Mango Rains owner and creator Virginia Bailey is passionate about sustainable fashion and since the label’s inception in late 2013, has created two sewing schools for women in Kenya. Virginia says, “Teach a woman to sew and you’ll see their whole community benefit.” All profits from her sales go directly to the sewing schools and associated charities. When asked about her thoughts on sustainable fashion in Australia, Virginia says, “I really think there is a bright future for sustainable fashion in Australia and I’m so excited to see it grow.”
Not only does Mango Rains support communities in need, but it’s also giving the market for Australian made products a boost. Through her shop front in West End, Virginia and her two colleagues design and sew all the unique pieces on display and for sale. Virginia, a mining engineer by trade, concedes that she did not attend fashion school, but instead was taught to sew by her mother. The quality of her pieces proves that this is not a problem for Mango Rains. Spending several years working as an engineer in Africa gave Virginia the passion for the bold wax print fabric used in her garments, and the local women gave her the inspiration to create her incredible designs.
The fabric itself is made using the Batik method, which originated mainly from Indonesia but is also practised in many African countries.
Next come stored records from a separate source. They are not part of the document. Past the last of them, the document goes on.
lemma finite_coords_convergent_subseq:
  fixes X :: "nat \<Rightarrow> 'a \<Rightarrow> real"
  assumes "finite I" "\<forall>j\<in>I. bounded (range (\<lambda>k. X k j))"
  shows "\<exists>r L. strict_mono r \<and> (\<forall>j\<in>I. (\<lambda>k. X (r k) j) \<longlonglongrightarrow> L j)"
  using assms
proof (induction I rule: finite_induct)
  case empty
  show ?case by (rule exI[of _ id]) (auto simp: strict_mono_def)
next
  case (insert j I)
  then obtain r L where r: "strict_mono r" and L: "\<forall>j'\<in>I. (\<lambda>k. X (r k) j') \<longlonglongrightarrow> L j'"
    by auto
  have "bounded (range (\<lambda>k. X k j))" using insert.prems by auto
  then have "bounded (range (\<lambda>k. X (r k) j))" by (rule bounded_subset) auto
  then obtain l r2 where r2: "strict_mono r2" and l: "((\<lambda>k. X (r k) j) \<circ> r2) \<longlonglongrightarrow> l"
    using bounded_imp_convergent_subsequence by blast
  have "(\<lambda>k. X ((r \<circ> r2) k) j') \<longlonglongrightarrow> (L(j := l)) j'" if "j' \<in> insert j I" for j'
  proof (cases "j' = j")
    case True
    then show ?thesis using l by (simp add: comp_def)
  next
    case False
    then have "((\<lambda>k. X (r k) j') \<circ> r2) \<longlonglongrightarrow> L j'"
      using L r2 that by (intro LIMSEQ_subseq_LIMSEQ) auto
    then show ?thesis using False by (simp add: comp_def)
  qed
  moreover have "strict_mono (r \<circ> r2)" using r r2 by (rule strict_mono_o)
  ultimately show ?case by blast
qed

lemma norm2_nonneg: "0 \<le> norm2 m z"
  unfolding norm2_def by (intro real_sqrt_ge_zero sum_nonneg) simp

lemma norm2_power2: "(norm2 m z)\<^sup>2 = (\<Sum>j<m. (z j)\<^sup>2)"
  unfolding norm2_def by (rule real_sqrt_pow2) (intro sum_nonneg, simp)

lemma abs_le_norm2: "j < m \<Longrightarrow> \<bar>z j\<bar> \<le> norm2 m z"
proof -
  assume "j < m"
  then have "(z j)\<^sup>2 \<le> (\<Sum>j<m. (z j)\<^sup>2)" by (intro member_le_sum) auto
  then have "sqrt ((z j)\<^sup>2) \<le> norm2 m z" unfolding norm2_def by (rule real_sqrt_le_mono)
  then show ?thesis by simp
qed

lemma norm2_mult: "norm2 m (\<lambda>j. t * z j) = \<bar>t\<bar> * norm2 m z"
proof -
  have "(\<Sum>j<m. (t * z j)\<^sup>2) = t\<^sup>2 * (\<Sum>j<m. (z j)\<^sup>2)"
    by (simp add: power_mult_distrib sum_distrib_left)
  then show ?thesis by (simp add: norm2_def real_sqrt_mult)
qed

lemma Av_mult: "Av M p m (\<lambda>j. t * z j) = (\<lambda>r. t * Av M p m z r)"
  by (auto simp: Av_def sum_distrib_left mult.left_commute)

lemma bdd_above_spec_norm_image:
  "bdd_above ((\<lambda>z. norm2 m (Av M m m z)) ` {z \<in> Vsp m. norm2 m z \<le> 1})"
proof -
  define B where "B = sqrt (\<Sum>r<m. (\<Sum>j<m. \<bar>M r j\<bar>)\<^sup>2)"
  have "norm2 m (Av M m m z) \<le> B" if z: "norm2 m z \<le> 1" for z
  proof -
    have "(Av M m m z r)\<^sup>2 \<le> (\<Sum>j<m. \<bar>M r j\<bar>)\<^sup>2" if r: "r < m" for r
    proof -
      have "\<bar>Av M m m z r\<bar> \<le> (\<Sum>j<m. \<bar>M r j * z j\<bar>)"
        using r by (simp add: Av_def sum_abs)
      also have "\<dots> \<le> (\<Sum>j<m. \<bar>M r j\<bar>)"
      proof (intro sum_mono)
        fix j assume "j \<in> {..<m}"
        then have "\<bar>z j\<bar> \<le> 1" using abs_le_norm2[of j m z] z by auto
        then show "\<bar>M r j * z j\<bar> \<le> \<bar>M r j\<bar>" by (simp add: abs_mult mult_left_le)
      qed
      finally have "\<bar>Av M m m z r\<bar> \<le> \<bar>\<Sum>j<m. \<bar>M r j\<bar>\<bar>" by simp
      then show ?thesis by (simp only: abs_le_square_iff)
    qed
    then have "(\<Sum>r<m. (Av M m m z r)\<^sup>2) \<le> (\<Sum>r<m. (\<Sum>j<m. \<bar>M r j\<bar>)\<^sup>2)"
      by (intro sum_mono) auto
    then show ?thesis unfolding norm2_def B_def by (rule real_sqrt_le_mono)
  qed
  then show ?thesis by (auto intro!: bdd_aboveI[of _ B])
qed

lemma norm2_Av_le_spec_norm:
  assumes z: "z \<in> Vsp m"
  shows "norm2 m (Av M m m z) \<le> spec_norm m M * norm2 m z"
proof (cases "norm2 m z = 0")
  case True
  then have "z j = 0" if "j < m" for j using abs_le_norm2[OF that, of z] by simp
  then have "Av M m m z = (\<lambda>_. 0)" by (auto simp: Av_def)
  then show ?thesis using True by (simp add: norm2_def)
next
  case False
  define t where "t = norm2 m z"
  have t: "0 < t" using False norm2_nonneg[of m z] by (simp add: t_def)
  define w where "w = (\<lambda>j. (1 / t) * z j)"
  have "norm2 m w = 1" unfolding w_def norm2_mult using t by (simp add: t_def)
  then have w: "w \<in> {z \<in> Vsp m. norm2 m z \<le> 1}" using z by (auto simp: w_def Vsp_def)
  have "norm2 m (Av M m m w) \<le> spec_norm m M" unfolding spec_norm_def
    by (rule cSup_upper[OF imageI[OF w] bdd_above_spec_norm_image])
  moreover have "norm2 m (Av M m m w) = (1 / t) * norm2 m (Av M m m z)"
    unfolding w_def Av_mult norm2_mult using t by simp
  ultimately show ?thesis using t by (simp add: t_def field_simps)
qed

subsection \<open>Block structure of \<open>Mtilde\<close>\<close>

lemma off_Suc: "off n (Suc i) = off n i + n i"
  by (simp add: off_def)

lemma off_mono: "i \<le> j \<Longrightarrow> off n i \<le> off n j"
  by (induction j) (auto simp: off_Suc le_Suc_eq)

lemma sum_lessThan_off:
  fixes h :: "nat \<Rightarrow> 'a::comm_monoid_add"
  shows "(\<Sum>r<off n q. h r) = (\<Sum>i<q. \<Sum>l<n i. h (off n i + l))"
  by (induction q) (simp_all add: off_Suc sum_lessThan_add off_def)

lemma sum_lessThan_off_add:
  fixes h :: "nat \<Rightarrow> 'a::comm_monoid_add"
  shows "(\<Sum>r<off n q + p. h r) = (\<Sum>i<q. \<Sum>l<n i. h (off n i + l)) + (\<Sum>m<p. h (off n q + m))"
  by (simp add: sum_lessThan_add sum_lessThan_off)

lemma off_le_block_iff: "l < n i \<Longrightarrow> (off n i' \<le> off n i + l) = (i' \<le> i)"
  using off_mono[of i' i n] off_mono[of "Suc i" i' n] by (cases "i' \<le> i") (auto simp: off_Suc)

lemma block_less_off_Suc_iff: "l < n i \<Longrightarrow> (off n i + l < off n (Suc i')) = (i \<le> i')"
  using off_mono[of "Suc i" "Suc i'" n] off_mono[of "Suc i'" i n]
  by (cases "i \<le> i'") (auto simp: off_Suc)

lemma block_less_off_add: "i < q \<Longrightarrow> l < n i \<Longrightarrow> off n i + l < off n q + m"
  using off_mono[of "Suc i" q n] by (simp add: off_Suc)

lemma not_off_le_block: "i < q \<Longrightarrow> l < n i \<Longrightarrow> \<not> off n q \<le> off n i + l"
  using off_mono[of "Suc i" q n] by (simp add: off_Suc)

lemma not_off_add_less_off_Suc: "i' < q \<Longrightarrow> \<not> off n q + m < off n (Suc i')"
  using off_mono[of "Suc i'" q n] by simp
The Batik method used in Mango Rains designs is a manual wax-resist dyeing technique applied to cotton fabric, which locks in the dye to maintain the vivid colours. Virginia sources her fabric from markets in Kenya, Ghana and Malawi and says, “Ghana is number one for top quality fabric – it’s what they’re known for.”
In less than 12 months, Virginia’s brand has really taken off. Mango Rains was this year’s platinum label at Brisbane’s Undressed Runway show held in early October and featured a range of new pieces, including backless dresses and shorts with new bold prints. Her collection is constantly evolving and she offers a custom fit option for those wanting something to fit their unique body shape or those who are in need of a standout design for a special occasion. Virginia says, “I’d rather see my clothes on someone who is absolutely rocking it, rather than gathering dust in a closet.” Her designs can easily transform from daytime chic, to nighttime glamour just by adding heels and earrings.
The Mango Rains designs are also a quiet nod to the bold colours and shapes of the 80s, but with a modern twist — it really gives women who wear them a confidence that no other brand offers. Not only does the wearer feel safe in the knowledge that their outfits were made sustainably, but they are also contributing to the Australian made fashion industry.